Artificial Life:
The Quest for a New Creation
By Steven Levy
Pantheon, 390 pages, $24
Before you apply your CPU (cerebral processing unit) to this startling book and its controversial subject, I recommend that you reset some switches. First, set your religion switch to ”off.” Your encounter will be more productive if you temporarily lay aside transcendental beliefs in favor of the simpler evidence of your senses. Now set your focus switch from ”local” to
”distant.” The study of artificial life, or a-life, asks us to relinquish a pre-Copernicus view of our species as the center of the universe, the ultimate aim of evolution or the only means to noteworthy behavioral ends-for example, co-operation, learning, consciousness, intelligence, culture.

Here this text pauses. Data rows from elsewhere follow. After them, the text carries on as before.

theorem mantel:
  assumes "simple_graph V E" "triangles E = {}"
  shows "card E \<le> card V ^ 2 div 4"
  using assms
proof (induction "card V" arbitrary: V E rule: less_induct)
  case less
  show ?case
  proof (cases "E = {}")
    case False
    then obtain e where "e \<in> E" by blast
    then obtain u w where uw: "{u, w} \<in> E" "u \<in> V" "w \<in> V" "u \<noteq> w"
      using less.prems(1) unfolding simple_graph_iff_two_subsets by (blast elim: two_subsetsE)
    let ?S = "{u, w}"
    have "finite V" using less.prems(1) by (simp add: simple_graph_def)
    with uw have "2 \<le> card V" using card_mono[of V ?S] by simp
    define m where "m = card V - 2"
    with \<open>2 \<le> card V\<close> \<open>finite V\<close> uw have m: "card V = m + 2" "card (V - ?S) = m"
      by (simp_all add: card_Diff_subset)
    have "card (induced_edges E (V - ?S)) \<le> card (V - ?S) ^ 2 div 4"
    proof (rule less.hyps)
      show "card (V - ?S) < card V" using m by simp
      show "simple_graph (V - ?S) (induced_edges E (V - ?S))"
        using less.prems(1) by (rule simple_graph_induced_edges) blast
      show "triangles (induced_edges E (V - ?S)) = {}"
        using triangles_induced_edges less.prems(2) by blast
    qed
    moreover have "card E \<le> card (induced_edges E (V - ?S)) + 1 + m"
      using card_edges_le_remove_clique[OF less.prems(1), of ?S] uw less.prems(2) m(1)
      by (simp add: two_subsets_doubleton choose_two)
    ultimately show ?thesis
      using m add_2_square_div_4[of m] by simp
  qed simp
qed

lemma card_edges_le_unique_triangle:
  assumes sg: "simple_graph V E" and unique: "triangles E = {T}"
  shows "card E \<le> (card V - 1)^2 div 4 + 2"
proof -
  have T: "T \<in> triangles E" using unique by simp
  then have "T \<subseteq> V" "card T = 3" "two_subsets T \<subseteq> E"
    using triangle_subset_vertices[OF sg] by (auto simp: triangles_def)
  moreover have "finite V" using sg by (simp add: simple_graph_def)
  ultimately have "3 \<le> card V" "card (V - T) = card V - 3"
    using card_mono[of V T] card_Diff_subset[of T V] finite_subset[of T V] by auto
  define m where "m = card V - 3"
  with \<open>3 \<le> card V\<close> \<open>card (V - T) = card V - 3\<close> have m: "card V = m + 3" "card (V - T) = m"
    by simp_all
  have "triangles (induced_edges E (V - T)) = {}"
    using triangles_induced_edges[of E "V - T"] unique \<open>card T = 3\<close> by fastforce
  then have "card (induced_edges E (V - T)) \<le> m^2 div 4"
    using mantel simple_graph_induced_edges[OF sg, of "V - T"] m(2) by fastforce
  moreover have "card E \<le> card (induced_edges E (V - T)) + 3 + m"
    using card_edges_le_remove_clique[OF sg \<open>T \<subseteq> V\<close> \<open>two_subsets T \<subseteq> E\<close>] unique \<open>card T = 3\<close> m
    by (simp add: choose_two)
  ultimately show ?thesis
    using m(1) add_2_square_div_4[of m] by simp
qed

lemma distinct_triangles_separating_edge:
  assumes "T1 \<in> triangles E" "T2 \<in> triangles E" "T1 \<noteq> T2"
  obtains f where "f \<in> E" "card f = 2" "f \<subseteq> T1" "\<not> f \<subseteq> T2"
proof -
  have "card T1 = 3" "card T2 = 3" using assms(1,2) by (auto simp: triangles_def)
  moreover have "finite T2" using \<open>card T2 = 3\<close> by (intro card_ge_0_finite) simp
  ultimately have "\<not> T1 \<subseteq> T2" using card_subset_eq[of T2 T1] assms(3) by auto
  then obtain x where "x \<in> T1" "x \<notin> T2" by blast
  with assms(1) obtain p q where "T1 = {x, p, q}" "x \<noteq> p" "{x, p} \<in> E"
    by (metis triangle_through_vertex)
  with \<open>x \<notin> T2\<close> show thesis by (intro that[of "{x, p}"]) auto
qed

theorem card_edges_le_triangles:
  assumes "simple_graph V E" "triangles E \<noteq> {}"
  shows "card E \<le> (card V - 1)^2 div 4 + card (triangles E) + 1"
  using assms
proof (induction "card E" arbitrary: E rule: less_induct)
  case less
  note sg = less.prems(1)
  show ?case
  proof (cases "card (triangles E) = 1")
    case True
    then obtain T where "triangles E = {T}" by (auto simp: card_1_singleton_iff)
    with True show ?thesis using card_edges_le_unique_triangle[OF sg] by simp
  next
    case False
    have finT: "finite (triangles E)" using sg by (rule finite_triangles)
    have "card (triangles E) \<noteq> 0" using finT less.prems(2) by simp
    with False have "\<not> card (triangles E) \<le> Suc 0" by linarith
    then obtain T1 T2 where T12: "T1 \<in> triangles E" "T2 \<in> triangles E" "T1 \<noteq> T2"
      using card_le_Suc0_iff_eq[OF finT] by blast
    then obtain f where f: "f \<in> E" "card f = 2" "f \<subseteq> T1" "\<not> f \<subseteq> T2"
      by (rule distinct_triangles_separating_edge)
    have "triangles (E - {f}) \<subset> triangles E" and "T2 \<in> triangles (E - {f})"
      using f T12 by (auto simp: triangles_Diff_edge)
    with finT have fewer_triangles: "card (triangles (E - {f})) < card (triangles E)"
      by (simp add: psubset_card_mono)
    have finE: "finite E" using sg by (rule simple_graph_finite_edges)
    have "card (E - {f}) \<le> (card V - 1)^2 div 4 + card (triangles (E - {f})) + 1"
    proof (rule less.hyps)
      show "card (E - {f}) < card E" using finE f(1) by (rule card_Diff1_less)
      show "simple_graph V (E - {f})" using sg by (auto simp: simple_graph_def)
      show "triangles (E - {f}) \<noteq> {}" using \<open>T2 \<in> triangles (E - {f})\<close> by blast
    qed
    moreover have "card E = Suc (card (E - {f}))"
      using finE f(1) by (rule card.remove)
    ultimately show ?thesis using fewer_triangles by linarith
  qed
qed

definition complete_bipartite :: "'a set \<Rightarrow> 'a set \<Rightarrow> 'a set set" where
  "complete_bipartite A B = {{x, y} | x y. x \<in> A \<and> y \<in> B}"

lemma doubleton_mem_complete_bipartite_iff:
  "{p, q} \<in> complete_bipartite A B \<longleftrightarrow> p \<in> A \<and> q \<in> B \<or> q \<in> A \<and> p \<in> B"
  by (auto simp: complete_bipartite_def doubleton_eq_iff)

lemma complete_bipartite_eq_image: "complete_bipartite A B = (\<lambda>(x, y). {x, y}) ` (A \<times> B)"
  by (auto simp: complete_bipartite_def)

lemma simple_graph_complete_bipartite_star:
  assumes "finite V" "A \<inter> B = {}" "A \<union> B \<subseteq> V" "v \<in> V" "v \<notin> Z" "Z \<subseteq> V"
  shows "simple_graph V (complete_bipartite A B \<union> star v Z)"
  using assms by (auto simp: simple_graph_iff_two_subsets complete_bipartite_def star_def)

lemma card_complete_bipartite_star:
  assumes "A \<inter> B = {}" "v \<notin> A \<union> B" "finite A" "finite B" "finite Z"
  shows "card (complete_bipartite A B \<union> star v Z) = card A * card B + card Z"
proof -
  have "inj_on (\<lambda>(x, y). {x, y}) (A \<times> B)"
    using assms(1) by (auto intro!: inj_onI simp: doubleton_eq_iff)
  then have "card (complete_bipartite A B) = card A * card B"
    by (simp add: complete_bipartite_eq_image card_image card_cartesian_product)
  moreover have "complete_bipartite A B \<inter> star v Z = {}"
  proof -
    have "v \<notin> e" if "e \<in> complete_bipartite A B" for e
      using that assms(2) by (auto simp: complete_bipartite_def)
    moreover have "v \<in> e" if "e \<in> star v Z" for e
      using that by (auto simp: star_def)
    ultimately show ?thesis by blast
  qed
  moreover have "finite (complete_bipartite A B)" "finite (star v Z)"
    using assms(3-5) by (simp_all add: complete_bipartite_eq_image star_def)
  ultimately show ?thesis
    by (simp add: card_Un_disjoint card_star)
qed

lemma triangles_complete_bipartite_star:
  assumes "A \<inter> B = {}" "v \<notin> A \<union> B"
  shows "triangles (complete_bipartite A B \<union> star v Z) = {{v, x, y} | x y. x \<in> Z \<inter> A \<and> y \<in> Z \<inter> B}"
    (is "triangles ?G = ?T")
proof (intro equalityI subsetI)
  fix T assume T: "T \<in> triangles ?G"
  have "v \<in> T"
  proof (rule ccontr)
    assume "v \<notin> T"
    from T obtain a b c where "T = {a, b, c}" "{a, b} \<in> ?G" "{a, c} \<in> ?G" "{b, c} \<in> ?G"
      by (rule trianglesE)
    with \<open>v \<notin> T\<close> assms(1) show False
      by (auto simp: doubleton_mem_complete_bipartite_iff doubleton_mem_star_iff)
  qed
  with T obtain p q where "T = {v, p, q}" "v \<noteq> p" "v \<noteq> q" "{v, p} \<in> ?G" "{v, q} \<in> ?G" "{p, q} \<in> ?G"
    by (rule triangle_through_vertex)
  with assms show "T \<in> ?T"
    by (auto simp: doubleton_mem_complete_bipartite_iff doubleton_mem_star_iff insert_commute)
next
  fix T assume "T \<in> ?T"
  with assms show "T \<in> triangles ?G"
    by (auto simp: insert3_mem_triangles_iff doubleton_mem_complete_bipartite_iff doubleton_mem_star_iff)
qed

lemma card_triangles_complete_bipartite_star:
  assumes "A \<inter> B = {}" "v \<notin> A \<union> B"
  shows "card (triangles (complete_bipartite A B \<union> star v Z)) = card (Z \<inter> A) * card (Z \<inter> B)"
proof -
  have "{{v, x, y} | x y. x \<in> Z \<inter> A \<and> y \<in> Z \<inter> B} = (\<lambda>(x, y). {v, x, y}) ` ((Z \<inter> A) \<times> (Z \<inter> B))"
    by auto
  moreover have "(x, y) = (x', y')"
    if xy: "(x, y) \<in> (Z \<inter> A) \<times> (Z \<inter> B)" "(x', y') \<in> (Z \<inter> A) \<times> (Z \<inter> B)"
      and eq: "{v, x, y} = {v, x', y'}" for x y x' y'
  proof -
    have "x \<in> {v, x', y'}" "y \<in> {v, x', y'}" using eq by blast+
    moreover have "x \<noteq> v" "x \<noteq> y'" "y \<noteq> v" "y \<noteq> x'" using xy assms by auto
    ultimately show ?thesis by blast
  qed
  then have "inj_on (\<lambda>(x, y). {v, x, y}) ((Z \<inter> A) \<times> (Z \<inter> B))"
    by (auto simp: inj_on_def)
  ultimately show ?thesis
    by (simp add: triangles_complete_bipartite_star[OF assms] card_image card_cartesian_product)
qed

lemma mult_halves_eq_square_div_4: "(m::nat) div 2 * (m - m div 2) = m^2 div 4"
proof (cases "even m")
  case True
  then obtain p where "m = 2 * p" by blast
  then show ?thesis by (simp add: power2_eq_square)
next
  case False
  then obtain p where m: "m = 2 * p + 1" by (rule oddE)
  then have "m^2 div 4 = p * p + p" by (simp add: power2_eq_square algebra_simps)
  moreover have "m div 2 = p" "m - m div 2 = p + 1" using m by simp_all
  ultimately show ?thesis by (simp add: algebra_simps)
qed
(* In the basic model with $n$ odd, the direction agreement problem can be solved deterministically in $O(1)$ rounds.
   Context: Model (basic): $n>4$ agents are at distinct, arbitrary initial positions on a circle of circumference $1$ and act in synchronised unit-time rounds. Each agent has its own notion of right (clockwise) and left; these need not be consistent across agents. At the start of each round every agent $a$ chooses $\mathrm{dir}_a\in\{\text{right},\text{left}\}$ and moves at unit speed. Agents never pass: two colliding agents instantly reverse direction. There is no communication. At the end of a round each agent learns only the clockwise distance, in its own orientation, from its start-of-round position to its end-of-round position. Agents have distinct IDs in $\{1,\dots,N\}$, $N\ge n$ known, and know the parity of $n$. The direction agreement problem is solved when all agents have a coherent view of which direction is clockwise. *)

theory Defs
  imports Complex_Main
begin

text \<open>
A configuration gives each agent a position
on the circle of circumference 1, represented by a real in [0,1) (clockwise = increasing),
and its history: the list of distances it has observed so far.
orient a = True iff the local "right" of agent a is the global clockwise direction.
A deterministic protocol is a function alg (ID) (history) returning True = "move right"
(in the agent's own orientation); the output function out (ID) (history) returns
True iff the agent declares its local right to be clockwise.

Agents move at unit speed for unit time, reversing upon collision.
Equivalently (ghost particles), the set of occupied points after the round equals the
set before, and the cyclic order of agents is preserved, with every agent advancing
by r = k - m positions in clockwise cyclic order, where k (m) is the number of agents
that moved clockwise (counterclockwise).
\<close>

definition rank :: "nat \<Rightarrow> (nat \<Rightarrow> real) \<Rightarrow> nat \<Rightarrow> nat" where
  "rank n p a = card {b. b < n \<and> p b < p a}"
(* Let $\hat N$ be any population size estimator which is consistent for the model consisting of all probability vectors $(p_x)_{x\in\{0,1\}^L}$ with all $p_x>0$ and $\gamma=0$ (no full-way interaction). Then for any probability vector $(p_x)_{x\in\{0,1\}^L}$ with all $p_x>0$ (with $\gamma$ not necessarily zero), the asymptotic relative bias of $\hat N$ exists and equals $$\lim_{N\to\infty}\frac{\hat N - N}{N} = p_{\mathbf{0}}\,(e^{\gamma}-1)\quad\text{almost surely}.$$
   Context: Multiple systems estimation setting with $L\ge 2$ lists: individuals $i=1,2,3,\dots$ have independent, identically distributed list inclusion patterns $W_i\in\{0,1\}^L$ with $\mathbb{P}(W_i=x)=p_x>0$ for every $x\in\{0,1\}^L$; $\mathbf{0}=(0,\dots,0)$ denotes non-observation. For population size $N$, the observed counts are $n_x^{(N)}=\#\{i\le N: W_i=x\}$, $x\neq\mathbf{0}$. A population size estimator $\hat N$ is a function of the observed counts; it is consistent for a model (set of probability vectors) if $\hat N\big((n_x^{(N)})_{x\ne\mathbf{0}}\big)/N\to1$ almost surely as $N\to\infty$ whenever $(p_x)$ belongs to the model. The full-way interaction term is $\gamma=\sum_{x\in\{0,1\}^L}(-1)^{|x|+1}\log p_x$, where $|x|=\sum_i x_i$. The asymptotic relative bias is $\lim_{N\to\infty}(\hat N-N)/N$ when this limit exists and is almost surely constant. *)

theory Defs
  imports "HOL-Probability.Probability"
begin

definition patterns :: "nat \<Rightarrow> bool list set" where
  "patterns L = {xs. length xs = L}"

definition zero_pattern :: "nat \<Rightarrow> bool list" where
  "zero_pattern L = replicate L False"

text \<open>|x| = number of lists containing the individual.\<close>
definition pat_weight :: "bool list \<Rightarrow> nat" where
  "pat_weight x = length (filter id x)"

definition full_interaction :: "nat \<Rightarrow> bool list pmf \<Rightarrow> real" where
  "full_interaction L Q =
     (\<Sum>x\<in>patterns L. (-1) ^ (pat_weight x + 1) * ln (pmf Q x))"

text \<open>Law of the i.i.d. sequence W_1, W_2, ... (indexed from 0).\<close>
definition iid_patterns :: "bool list pmf \<Rightarrow> (nat \<Rightarrow> bool list) measure" where
  "iid_patterns Q = PiM UNIV (\<lambda>_::nat. measure_pmf Q)"

text \<open>Observed counts n_x^(N) for x \<noteq> 0 (set to 0 at unobservable / invalid indices,
  so an estimator applied to them is a function of the observed counts only).\<close>
definition obs_counts :: "nat \<Rightarrow> (nat \<Rightarrow> bool list) \<Rightarrow> nat \<Rightarrow> bool list \<Rightarrow> nat" where
  "obs_counts L \<omega> N x =
     (if x \<in> patterns L \<and> x \<noteq> zero_pattern L then card {i. i < N \<and> \<omega> i = x} else 0)"

text \<open>Model: probability vectors over {0,1}^L with all entries positive.\<close>
definition positive_model :: "nat \<Rightarrow> bool list pmf \<Rightarrow> bool" where
  "positive_model L Q \<longleftrightarrow> set_pmf Q = patterns L"
lemma gval_eq_gfun:
  assumes uv: "u \<in> subF q" "v \<in> subF q" and "(u, v) \<noteq> (0, 0)"
  shows "gval (u + v * \<beta>) = gfun c (\<beta> ^ 2) u v"
proof -
  define y where "y = u + v * \<beta>"
  define t where "t = (1 - c) * u + (- ((1 + c) * v)) * \<beta>"
  have "y \<noteq> 0"
    using add_mult_beta_eq_0_iff[OF uv] assms(3) by (simp add: y_def)
  have yq: "y ^ q = u - v * \<beta>"
    unfolding y_def using uv by (rule frobenius_conj)
  have "(1 - c) * u \<in> subF q" "- ((1 + c) * v) \<in> subF q"
    using uv c_in_subF one_in_subF by (simp_all add: subF_mult subF_diff subF_add subF_minus)
  then have "t ^ q = (1 - c) * u - (- ((1 + c) * v)) * \<beta>"
    unfolding t_def by (rule frobenius_conj)
  then have tq: "t ^ q = (1 - c) * u + (1 + c) * v * \<beta>"
    by simp
  (* y^{q-1} = y^q / y, so g(y) is a quotient of the norms t t^q and y y^q. *)
  have "y ^ (q - 1) - c = t / y"
    using yq \<open>y \<noteq> 0\<close> by (simp add: power_q field_simps t_def y_def)
  then have "gval y = (t * t ^ q) / (y * y ^ q)"
    by (simp add: gval_def power_divide)
  also have "t * t ^ q = (1 - c)^2 * u^2 - (1 + c)^2 * v^2 * \<beta> ^ 2"
    unfolding tq by (simp add: t_def power2_eq_square algebra_simps)
  also have "y * y ^ q = u^2 - v^2 * \<beta> ^ 2"
    unfolding yq by (simp add: y_def power2_eq_square algebra_simps)
  finally show ?thesis
    by (simp add: gfun_def y_def)
qed

lemma gline_line:
  assumes "w \<noteq> 0"
  shows "gline q c (\<beta> ^ 2) \<beta> (line w) = gval w"
proof -
  obtain u v where uv: "u \<in> subF q" "v \<in> subF q" "(u, v) \<noteq> (0, 0)"
    and line: "line w = Lline q \<beta> u v"
    and gline: "gline q c (\<beta> ^ 2) \<beta> (line w) = gfun c (\<beta> ^ 2) u v"
    using glineE[OF line_in_P1[OF assms], where c = c and a = "\<beta> ^ 2"] by metis
  have "u + v * \<beta> \<in> line w"
    using line mem_line_self by (simp add: Lline_eq_line)
  then obtain l where l: "l \<in> subF q" "u + v * \<beta> = l * w"
    unfolding line_def by blast
  moreover have "u + v * \<beta> \<noteq> 0"
    using add_mult_beta_eq_0_iff uv by simp
  ultimately have "gval (u + v * \<beta>) = gval w"
    using gval_scale by auto
  then show ?thesis
    using gline gval_eq_gfun[OF uv] by simp
qed

lemma gval_eq_0_iff:
  assumes "w \<noteq> 0"
  shows "gval w = 0 \<longleftrightarrow> (c = 1 \<and> line w = line 1) \<or> (c = - 1 \<and> line w = line \<beta>)"
proof -
  have "gval w = 0 \<longleftrightarrow> w ^ (q - 1) = c"
    by (auto simp: gval_def)
  moreover have "c = 1 \<or> c = - 1" if "w ^ (q - 1) = c"
  proof -
    have "c ^ 2 = 1"
      using power_q_minus_1_power_q_plus_1[OF assms] subF_power_q_plus_1[OF c_in_subF] that by simp
    then show ?thesis
      by (simp add: power2_eq_1_iff)
  qed
  moreover have "w ^ (q - 1) = 1 \<longleftrightarrow> line w = line 1"
    using power_q_minus_1_eq_iff_line_eq[OF assms one_neq_zero] by simp
  moreover have "w ^ (q - 1) = - 1 \<longleftrightarrow> line w = line \<beta>"
    using power_q_minus_1_eq_iff_line_eq[OF assms beta_nonzero] beta_power_q_minus_1 by simp
  ultimately show ?thesis
    by auto
qed

lemma gline_eq_0_iff:
  assumes "L \<in> P1 q \<beta>"
  shows "gline q c (\<beta> ^ 2) \<beta> L = 0 \<longleftrightarrow> (c = 1 \<and> L = line 1) \<or> (c = - 1 \<and> L = line \<beta>)"
proof -
  obtain w where "w \<noteq> 0" "L = line w"
    using assms by (rule P1E)
  then show ?thesis
    using gline_line gval_eq_0_iff by simp
qed

lemma punctured_line_parametrization:
  assumes "L \<in> P1 q \<beta>" and "gline q c (\<beta> ^ 2) \<beta> L \<noteq> 0"
  defines "d \<equiv> mult_ord (gline q c (\<beta> ^ 2) \<beta> L)"
  obtains \<kappa> :: "nat \<times> nat \<times> nat \<Rightarrow> 'a"
  where "bij_betw \<kappa> ({..<(q - 1) div d} \<times> {..<d} \<times> {0}) (L - {0})"
    and "\<And>j i. j < (q - 1) div d \<Longrightarrow> i < d \<Longrightarrow> fmap (\<kappa> (j, i, 0)) = \<kappa> (j, Suc i mod d, 0)"
proof -
  obtain w where "w \<noteq> 0" and L: "L = line w"
    using assms(1) by (rule P1E)
  define g where "g = gval w"
  have g: "g \<in> subF q" "g \<noteq> 0" "d = mult_ord g"
    using assms(2) gval_in_subF \<open>w \<noteq> 0\<close> by (simp_all add: g_def d_def L gline_line)
  obtain e where e: "bij_betw e ({..<(q - 1) div d} \<times> {..<d}) (subF q - {0})"
    and e_step: "\<And>j i. e (j, Suc i mod d) = e (j, i) * g"
    using subF_units_cosets[OF g(1,2)] unfolding g(3) by metis
  define \<kappa> where "\<kappa> = (\<lambda>(j, i, _::nat). e (j, i) * w)"
  define drop_last :: "nat \<times> nat \<times> nat \<Rightarrow> nat \<times> nat" where "drop_last = (\<lambda>(j, i, _). (j, i))"
  have "bij_betw drop_last ({..<(q - 1) div d} \<times> {..<d} \<times> {0}) ({..<(q - 1) div d} \<times> {..<d})"
    by (auto simp: drop_last_def bij_betw_def inj_on_def image_iff)
  then have "bij_betw ((\<lambda>l. l * w) \<circ> e \<circ> drop_last)
      ({..<(q - 1) div d} \<times> {..<d} \<times> {0}) (line w - {0})"
    using e bij_betw_mult_line[OF \<open>w \<noteq> 0\<close>] by (intro bij_betw_trans)
  then have "bij_betw \<kappa> ({..<(q - 1) div d} \<times> {..<d} \<times> {0}) (L - {0})"
    by (simp add: \<kappa>_def drop_last_def L comp_def case_prod_unfold)
  moreover have "fmap (\<kappa> (j, i, 0)) = \<kappa> (j, Suc i mod d, 0)" if "j < (q - 1) div d" "i < d" for j i
  proof -
    have "e (j, i) \<in> subF q"
      using e that by (auto simp: bij_betw_def)
    then show ?thesis
      by (simp add: \<kappa>_def fmap_scale e_step g_def)
  qed
  ultimately show ?thesis
    by (rule that)
qed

Last, set your mind switch to ”open.” The best way to approach Steven Levy`s book is cordially and credulously, preparing yourself to believe six impossible things before breakfast.
”Artificial Life” is a review of developments across a broad spectrum of research into what might initially be defined as computer simulation. Levy, who wrote the 1983 bestseller ”Hackers” and writes a lively column for Macworld magazine, is a capable and sensitive guide to this terrain. Although conceptually challenging, his approach is kind to the nonspecialist; his subject, in fact, is presented here less for computer buffs and more for general liberal-arts readers who enjoy the humanistic musings of Oliver Sacks and Stephen Jay Gould.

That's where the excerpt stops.